The growth of the agency’s weapon-activity budget almost defies belief. Projected spending on nuclear-weapon activities has risen to $505 billion, according to the agency’s 25-year plan published last December. That represents a staggering increase of $113 billion from the 2020 version of the plan.
$113 billion. In one year.
This kind of stunning growth illustrates what critics of the National Nuclear Security Administration’s excessive plans have been warning about for years: low-balled cost estimates, an inexecutable program, damaging opportunity costs, and a significant agency credibility deficit. The mounting price tag and impracticality of the scope of and scheduled goals for many of the agency’s nuclear warhead and infrastructure replacement efforts merit far greater scrutiny than Congress has provided to date.
Needed Now: NNSA Budget Reform and Oversight
The Nuclear Weapons Council does not need expanded authority. Quite the opposite in fact. The council includes the undersecretary of defense for acquisition and sustainment, the vice chairman of the Joint Chiefs of Staff, the National Nuclear Security Administration administrator, the undersecretary of defense for research and engineering, the undersecretary of defense for policy, and the commander of US Strategic Command. Together, these individuals oversee one slice of the total national defense budget. An increasingly large slice to be sure. But just one slice.
The council focuses on ensuring that existing nuclear-weapon sustainment and modernization plans proceed full steam ahead. Assessment of affordability and especially opportunity costs is a lower priority. As Senators Lisa Murkowski (Republican from Arkansas) and Joe Manchin (Democrat from West Virginia) wrote last year, the Nuclear Weapons Council “has a narrower focus than the Secretary of Energy, and its recommendations would likely prioritize nuclear weapons at the expense of other critical missions undertaken by” the Energy Department.

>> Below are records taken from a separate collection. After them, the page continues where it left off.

(* Let $n\ge2$ and let $X$ be a simple directed graph with vertex set $[n]$. Let $p,q\in[n]$ satisfy: - $p\to q\in E(X)$; - $q\to p\notin E(X)$; - $\{p,q\}$ is sink-equivalent in $X$. Then $$\mathrm{ODP}(X,\mathrm{Cycle}_n)_{p\to q}=\frac{n\,x}{n-1}\,\mathrm{ODP}(X-q,\mathrm{Cycle}_{n-1}),$$ where $X-q$ is the induced subgraph of $X$ on $[n]\setminus\{q\}$.
   Context: For $n\ge2$, $\mathrm{Cycle}_n$ is the directed multigraph on $[n]$ with edges $i\to i+1$ ($1\le i\le n-1$) and $n\to1$; for $n=2$ its edges are $1\to2$ and $2\to1$. $\mathrm{Cycle}_1$ is a single vertex with no edges. For a simple directed graph $X$, a set $S\subseteq V(X)$ is sink-equivalent if for every $t\notin S$, either $s\to t\in E(X)$ for all $s\in S$, or $s\to t\notin E(X)$ for all $s\in S$. For directed graphs $X,Y$ with $|V(X)|=|V(Y)|$, $\mathrm{DFS}(X,Y)$ has as vertices the bijections $\sigma:V(X)\to V(Y)$. For each $\sigma$ and ordered pair $(a,b)$ of distinct vertices, it has $m_X(a,b)m_Y(\sigma(a),\sigma(b))$ edges from $\sigma$ to $\sigma\circ(a\,b)$, where $m_X(a,b)$ is the number of edges $a\to b$ in $X$. Thus $\mathrm{outdeg}(\sigma)=\sum_{a\ne b}m_X(a,b)m_Y(\sigma(a),\sigma(b))$ and $\mathrm{ODP}(X,Y)=\sum_\sigma x^{\mathrm{outdeg}(\sigma)}$. $\mathrm{ODP}(X,Y)_{a\to b}$ is the sum of $x^{\mathrm{outdeg}(\sigma)}$ over bijections $\sigma$ with $m_Y(\sigma(a),\sigma(b))\ge1$. *)

theory Defs
  imports Main "HOL-Library.FuncSet" "HOL-Computational_Algebra.Polynomial"
begin

definition graph_mult :: "('a \<times> 'a) set \<Rightarrow> 'a \<Rightarrow> 'a \<Rightarrow> nat" where
  "graph_mult E a b = (if (a, b) \<in> E then 1 else 0)"

definition cycle_mult :: "nat \<Rightarrow> nat \<Rightarrow> nat \<Rightarrow> nat" where
  "cycle_mult n i j =
     (if 2 \<le> n \<and> i \<in> {1..n} \<and> j \<in> {1..n} \<and> (j = i + 1 \<or> (i = n \<and> j = 1)) then 1 else 0)"

definition sink_equivalent :: "'a set \<Rightarrow> ('a \<times> 'a) set \<Rightarrow> 'a set \<Rightarrow> bool" where
  "sink_equivalent V E S \<longleftrightarrow> S \<subseteq> V \<and>
     (\<forall>t \<in> V - S. (\<forall>s \<in> S. (s, t) \<in> E) \<or> (\<forall>s \<in> S. (s, t) \<notin> E))"

text \<open>Bijections V -> W (as extensional functions, so that distinct bijections are distinct).\<close>

definition bijs :: "'a set \<Rightarrow> 'b set \<Rightarrow> ('a \<Rightarrow> 'b) set" where
  "bijs V W = {\<sigma>. bij_betw \<sigma> V W \<and> \<sigma> \<in> extensional V}"

definition outdeg :: "'a set \<Rightarrow> ('a \<Rightarrow> 'a \<Rightarrow> nat) \<Rightarrow> ('b \<Rightarrow> 'b \<Rightarrow> nat) \<Rightarrow> ('a \<Rightarrow> 'b) \<Rightarrow> nat" where
  "outdeg V mX mY \<sigma> = (\<Sum>(a, b) \<in> {(a, b). a \<in> V \<and> b \<in> V \<and> a \<noteq> b}. mX a b * mY (\<sigma> a) (\<sigma> b))"

definition ODP :: "'a set \<Rightarrow> 'b set \<Rightarrow> ('a \<Rightarrow> 'a \<Rightarrow> nat) \<Rightarrow> ('b \<Rightarrow> 'b \<Rightarrow> nat) \<Rightarrow> rat poly" where
  "ODP V W mX mY = (\<Sum>\<sigma> \<in> bijs V W. monom 1 (outdeg V mX mY \<sigma>))"

definition ODP_edge :: "'a set \<Rightarrow> 'b set \<Rightarrow> ('a \<Rightarrow> 'a \<Rightarrow> nat) \<Rightarrow> ('b \<Rightarrow> 'b \<Rightarrow> nat) \<Rightarrow> 'a \<Rightarrow> 'a \<Rightarrow> rat poly" where
  "ODP_edge V W mX mY a b =
     (\<Sum>\<sigma> \<in> {\<sigma> \<in> bijs V W. mY (\<sigma> a) (\<sigma> b) \<ge> 1}. monom 1 (outdeg V mX mY \<sigma>))"

end

theory Submission
  imports Defs
begin
lemma locally_finite_factor_finite:
  assumes C: "is_cat C" and LF: "locally_finite C Obf F" and A: "A \<in> Obf"
    and e0: "e0 \<in> Hom C A F" and EE: "finite EE" "EE \<subseteq> Hom C A F"
  shows "\<exists>B\<in>Obf. \<exists>f\<in>Hom C B F. \<forall>e\<in>EE. \<exists>p\<in>Hom C A B. e = comp C f p"
  using EE
proof (induction EE rule: finite_induct)
  case empty
  then show ?case using A e0 by blast
next
  case (insert e EE)
  then obtain B f where B: "B \<in> Obf" "f \<in> Hom C B F"
      and factor: "\<forall>e'\<in>EE. \<exists>p\<in>Hom C A B. e' = comp C f p"
    by auto
  have e: "e \<in> Hom C A F" using insert.prems by blast
  obtain D r p q where D: "D \<in> Obf" "r \<in> Hom C D F" "p \<in> Hom C A D" "q \<in> Hom C B D"
      "comp C r p = e" "comp C r q = f"
    using LF A B e unfolding locally_finite_def by meson
  have "\<exists>p'\<in>Hom C A D. e' = comp C r p'" if "e' \<in> EE" for e'
  proof -
    obtain p' where p': "p' \<in> Hom C A B" "e' = comp C f p'" using factor \<open>e' \<in> EE\<close> by blast
    then have "e' = comp C r (comp C q p')" using D cat_comp_assoc[OF C p'(1) D(4) D(2)] by simp
    then show ?thesis using cat_comp_Hom[OF C p'(1) D(4)] by blast
  qed
  moreover have "\<exists>p'\<in>Hom C A D. e = comp C r p'" using D(3,5) by metis
  ultimately show ?case using D(1,2) by (metis insert_iff)
qed

lemma compactin_indexed_finite_subcover:
  assumes K: "compactin X K" and N: "\<And>i. i \<in> I \<Longrightarrow> openin X (N i)"
    and cover: "K \<subseteq> (\<Union>i\<in>I. N i)"
  obtains J where "J \<subseteq> I" "finite J" "K \<subseteq> (\<Union>i\<in>J. N i)"
proof -
  have "\<forall>T\<in>N ` I. openin X T" using N by blast
  then obtain \<N> where "finite \<N>" "\<N> \<subseteq> N ` I" "K \<subseteq> \<Union>\<N>"
    using K cover unfolding compactin_def by blast
  then show ?thesis using that finite_subset_image[of \<N> N I] by blast
qed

If Congress allows Pentagon leaders to add their own spending priorities to other agencies’ budgets without any requirement to propose offsets, spending on nuclear weapons will likely go in only one direction: up.

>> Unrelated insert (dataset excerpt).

(* Let $G$ be a cubical $\omega$-category with connections. For each $n\ge0$, the set $\Phi_n(G_n)$ is an $\omega$-category with the following structure: for $0\le p<n$, $d^\alpha_px=\varepsilon_1^{n-p}(\partial^\alpha_1)^{n-p}x$ and $x\#_py=x\circ_{n-p}y$ where defined; for $p\ge n$, $d^\alpha_px=x$ and the only composites are $x\#_px=x$. Moreover $\varepsilon_1$ maps $\Phi_n(G_n)$ into $\Phi_{n+1}(G_{n+1})$, giving a sequence of $\omega$-categories and homomorphisms $\Phi_0(G_0)\xrightarrow{\varepsilon_1}\Phi_1(G_1)\xrightarrow{\varepsilon_1}\Phi_2(G_2)\to\cdots$.
   Context: An $\omega$-category is a set $X$ with unary operations $d^-_p,d^+_p$ and partial binary operations $\#_p$ ($p\ge0$) such that: $x\#_py$ is defined iff $d^+_px=d^-_py$; $d^\beta_qd^\alpha_px=d^\beta_qx$ for $q<p$ and $=d^\alpha_px$ for $q\ge p$; if $x\#_py$ is defined then $d^-_p(x\#_py)=d^-_px$, $d^+_p(x\#_py)=d^+_py$, $d^\beta_q(x\#_py)=d^\beta_qx\#_pd^\beta_qy$ ($q\ne p$); $d^-_px\#_px=x\#_pd^+_px=x$; $\#_p$ is associative; for $p\ne q$, $(x\#_py)\#_q(x'\#_py')=(x\#_qx')\#_p(y\#_qy')$ whenever both sides are defined; each $x$ has a dimension $\dim x$ with $d^\alpha_px=x$ iff $p\ge\dim x$. Homomorphisms preserve all operations. A cubical $\omega$-category with connections $G$ consists of sets $G_n$ ($n\ge0$), face maps $\partial^\alpha_i:G_n\to G_{n-1}$, degeneracies $\varepsilon_i:G_{n-1}\to G_n$, connections $\Gamma^\alpha_i:G_n\to G_{n+1}$ ($1\le i\le n$, $\alpha=\pm$) and partial compositions $\circ_j$ on $G_n$ ($1\le j\le n$, $a\circ_jb$ defined iff $\partial^+_ja=\partial^-_jb$) satisfying: $\partial^\alpha_i\partial^\beta_j=\partial^\beta_{j-1}\partial^\alpha_i$ ($i<j$), $\varepsilon_i\varepsilon_j=\varepsilon_{j+1}\varepsilon_i$ ($i\le j$), $\partial^\alpha_i\varepsilon_j=\varepsilon_{j-1}\partial^\alpha_i$ ($i<j$), $\varepsilon_j\partial^\alpha_{i-1}$ ($i>j$), $\mathrm{id}$ ($i=j$); $\Gamma^\alpha_i\Gamma^\beta_j=\Gamma^\beta_{j+1}\Gamma^\alpha_i$ ($i<j$), $\Gamma^\alpha_i\Gamma^\alpha_i=\Gamma^\alpha_{i+1}\Gamma^\alpha_i$, $\Gamma^\alpha_i\varepsilon_j=\varepsilon_{j+1}\Gamma^\alpha_i$ ($i<j$), $\varepsilon_j\Gamma^\alpha_{i-1}$ ($i>j$), $\Gamma^\alpha_j\varepsilon_j=\varepsilon_{j+1}\varepsilon_j$, $\partial^\alpha_i\Gamma^\beta_j=\Gamma^\beta_{j-1}\partial^\alpha_i$ ($i<j$), $\Gamma^\beta_j\partial^\alpha_{i-1}$ ($i>j+1$), $\partial^\alpha_j\Gamma^\alpha_j=\partial^\alpha_{j+1}\Gamma^\alpha_j=\mathrm{id}$, $\partial^\alpha_j\Gamma^{-\alpha}_j=\partial^\alpha_{j+1}\Gamma^{-\alpha}_j=\varepsilon_j\partial^\alpha_j$; $\partial^-_j(a\circ_jb)=\partial^-_ja$, $\partial^+_j(a\circ_jb)=\partial^+_jb$, $\partial^\alpha_i(a\circ_jb)=\partial^\alpha_ia\circ_{j-1}\partial^\alpha_ib$ ($i<j$), $\partial^\alpha_ia\circ_j\partial^\alpha_ib$ ($i>j$); interchange $(a\circ_ib)\circ_j(c\circ_id)=(a\circ_jc)\circ_i(b\circ_jd)$ for $i\ne j$; $\varepsilon_i(a\circ_jb)=\varepsilon_ia\circ_{j+1}\varepsilon_ib$ ($i\le j$), $\varepsilon_ia\circ_j\varepsilon_ib$ ($i>j$); $\Gamma^\alpha_i(a\circ_jb)=\Gamma^\alpha_ia\circ_{j+1}\Gamma^\alpha_ib$ ($i<j$), $\Gamma^\alpha_ia\circ_j\Gamma^\alpha_ib$ ($i>j$); $\Gamma^+_j(a\circ_jb)=(\Gamma^+_ja\circ_j\varepsilon_ja)\circ_{j+1}(\varepsilon_{j+1}a\circ_j\Gamma^+_jb)$, $\Gamma^-_j(a\circ_jb)=(\Gamma^-_ja\circ_j\varepsilon_{j+1}b)\circ_{j+1}(\varepsilon_jb\circ_j\Gamma^-_jb)$; each $\circ_j$ is a category structure with identities $\varepsilon_jy$; $\Gamma^+_ix\circ_i\Gamma^-_ix=\varepsilon_{i+1}x$, $\Gamma^+_ix\circ_{i+1}\Gamma^-_ix=\varepsilon_ix$. Folding operations on $G_n$: $\psi_ix=\Gamma^+_i\partial^-_{i+1}x\circ_{i+1}x\circ_{i+1}\Gamma^-_i\partial^+_{i+1}x$ ($1\le i\le n-1$), $\Psi_r=\psi_{r-1}\cdots\psi_1$ ($1\le r\le n$), $\Phi_n=\Psi_1\Psi_2\cdots\Psi_n$ (so $\Phi_0=\Phi_1=\mathrm{id}$). *)

theory Defs
  imports Main
begin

Instead of giving the Pentagon more free rein, Congress should roll back the Nuclear Weapons Council’s expanded powers and seek greater oversight of how the body generates requirements for the arsenal and for the National Nuclear Security Administration.

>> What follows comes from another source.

(* Consider an instance of $\mathrm{BAL}(\mu,\nu)$ (heterogeneous setting). Let $\varepsilon>0$ and assume $k\ge 2(\nu-1)/\varepsilon$. If $\mathcal S^{[1]}\subseteq\hat V$ is the set of cardinality $\lfloor k/(\nu-1)\rfloor$ selected in the first iteration of $\textsc{GreedyIter}(\varepsilon,\delta,\mathcal I,\nu,k)$, then with probability at least $1-\delta/\nu$, \[ \Phi^{\ge1}_2(\mathcal I,\mathcal S^{[1]})\ \ge\ \frac{1-\frac1e-\varepsilon}{\nu}\cdot\Phi^{\ge1}(\mathcal I,\mathcal S^*_{\ge1}), \] where $\mathcal S^*_{\ge1}$ is a set of cardinality $k$ maximizing $\Phi^{\ge1}(\mathcal I,\cdot)$.
   Context: Triggering model: for a directed graph $G=(V,E)$ and $p:E\to[0,1]$, an outcome $X=(T_v)_{v\in V}$ is obtained by having each node $v$ independently choose a subset $T_v$ of its in-neighbours $N_v$, with $T_v=S$ with probability $\prod_{u\in S}p_{uv}\prod_{u\in N_v\setminus S}(1-p_{uv})$; $\rho_X(A)$ is the set of nodes reachable from $A\subseteq V$ via arcs $\{(u,v):u\in T_v\}$. $\mathrm{BAL}(\mu,\nu)$ for integer constants $\mu\ge\nu\ge2$: instance = directed graph $G=(V,E)$, probability functions $p_1,\dots,p_\mu:E\to[0,1]$, seed sets $\mathcal I=(I_1,\dots,I_\mu)$, budget $k\ge2$; standing assumptions $\nu\le k\le\nu|V|$, $|V|\ge\mu$. Let $\hat V=V\times[\mu]$; $\mathcal S\subseteq\hat V$ is identified with $(S_1,\dots,S_\mu)$, $S_i=\{v:(v,i)\in\mathcal S\}$; unions are componentwise. An outcome profile $\mathcal X=(X_1,\dots,X_\mu)$ consists of independent outcomes, $X_i$ w.r.t. $p_i$. Campaign $i$ reaches $v$ from seeds $A_i$ if $v\in\rho_{X_i}(A_i)$. For a seed sequence $\mathcal R$ and integers $\ell,\beta\ge1$, $\Phi^{\ge\ell}_\beta(\mathcal R,\mathcal S)$ is the expected number of nodes reached by at least $\ell$ campaigns from seeds $\mathcal R$ and by none or at least $\beta$ campaigns from seeds $\mathcal R\cup\mathcal S$. $\Phi^{\ge1}(\mathcal I,\cdot)$ denotes $\Phi^{\ge1}_\nu(\mathcal I,\cdot)$. Subroutine $\mathtt{approx}(f,\mathcal S,\dots,\epsilon,\delta)$: with $T=|V|^2\ln(1/\delta)/\epsilon^2$, draw $T$ independent outcome profiles, compute for each the realized value of the quantity whose expectation defines $f(\mathcal S)$, return the average. Subroutine $\textsc{Greedy}(f,\epsilon,\delta,\cdot,\cdot,m)$: $\delta'=\delta/(m|\hat V|)$, $\epsilon'=\epsilon/(em)$, $\mathcal S=\emptyset$; while $|\mathcal S|\le m$ add an element $v\in\hat V$ maximizing $\mathtt{approx}(f,\mathcal S\cup\{v\},\dots,\epsilon',\delta')$; return $\mathcal S$. Algorithm $\textsc{GreedyIter}(\varepsilon,\delta,\mathcal I,\nu,k)$: $\delta'=\delta/\nu$, $\varepsilon'=\varepsilon/2$, $\mathcal R^{[1]}=\mathcal I$; for $\ell=1,\dots,\nu-1$: $\mathcal S^{[\ell]}=\textsc{Greedy}(\Phi^{\ge\ell}_{\ell+1}(\mathcal R^{[\ell]},\cdot),\varepsilon',\delta',\mathcal R^{[\ell]},\ell+1,\lfloor k/(\nu-1)\rfloor)$, $\mathcal R^{[\ell+1]}=\mathcal R^{[\ell]}\cup\mathcal S^{[\ell]}$; return $\bigcup_\ell\mathcal S^{[\ell]}$. *)

theory Defs
  imports "HOL-Probability.Probability"
begin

As former agency administrator Frank Klotz noted last year, most of the voting seats on the council belong to the Pentagon, making it “just an invitation for the [Defense Department] to constantly grade the National Nuclear Security Administration’s homework without its homework being graded in a reciprocal sort of way.”
To address this problem, the deputy energy secretary and deputy director of the Office of Management and Budget should be added to the council as full voting members. (Current law only allows the Office of Management and Budget to participate in the council’s deliberations in an advisory capacity.) This would ensure a much-needed, greater focus on affordability and balancing nuclear-weapon spending against other national security priorities.
Given that the council’s actions also impact US arms control and nonproliferation strategy, the undersecretary of state for arms control and international security and the deputy national security advisor should also be added to the council as advisors.
The National Nuclear Security Administration has a long history of mismanaging its significant resources. In response, Congress should offer reform and oversight, not a blank check to steal resources from other national security priorities.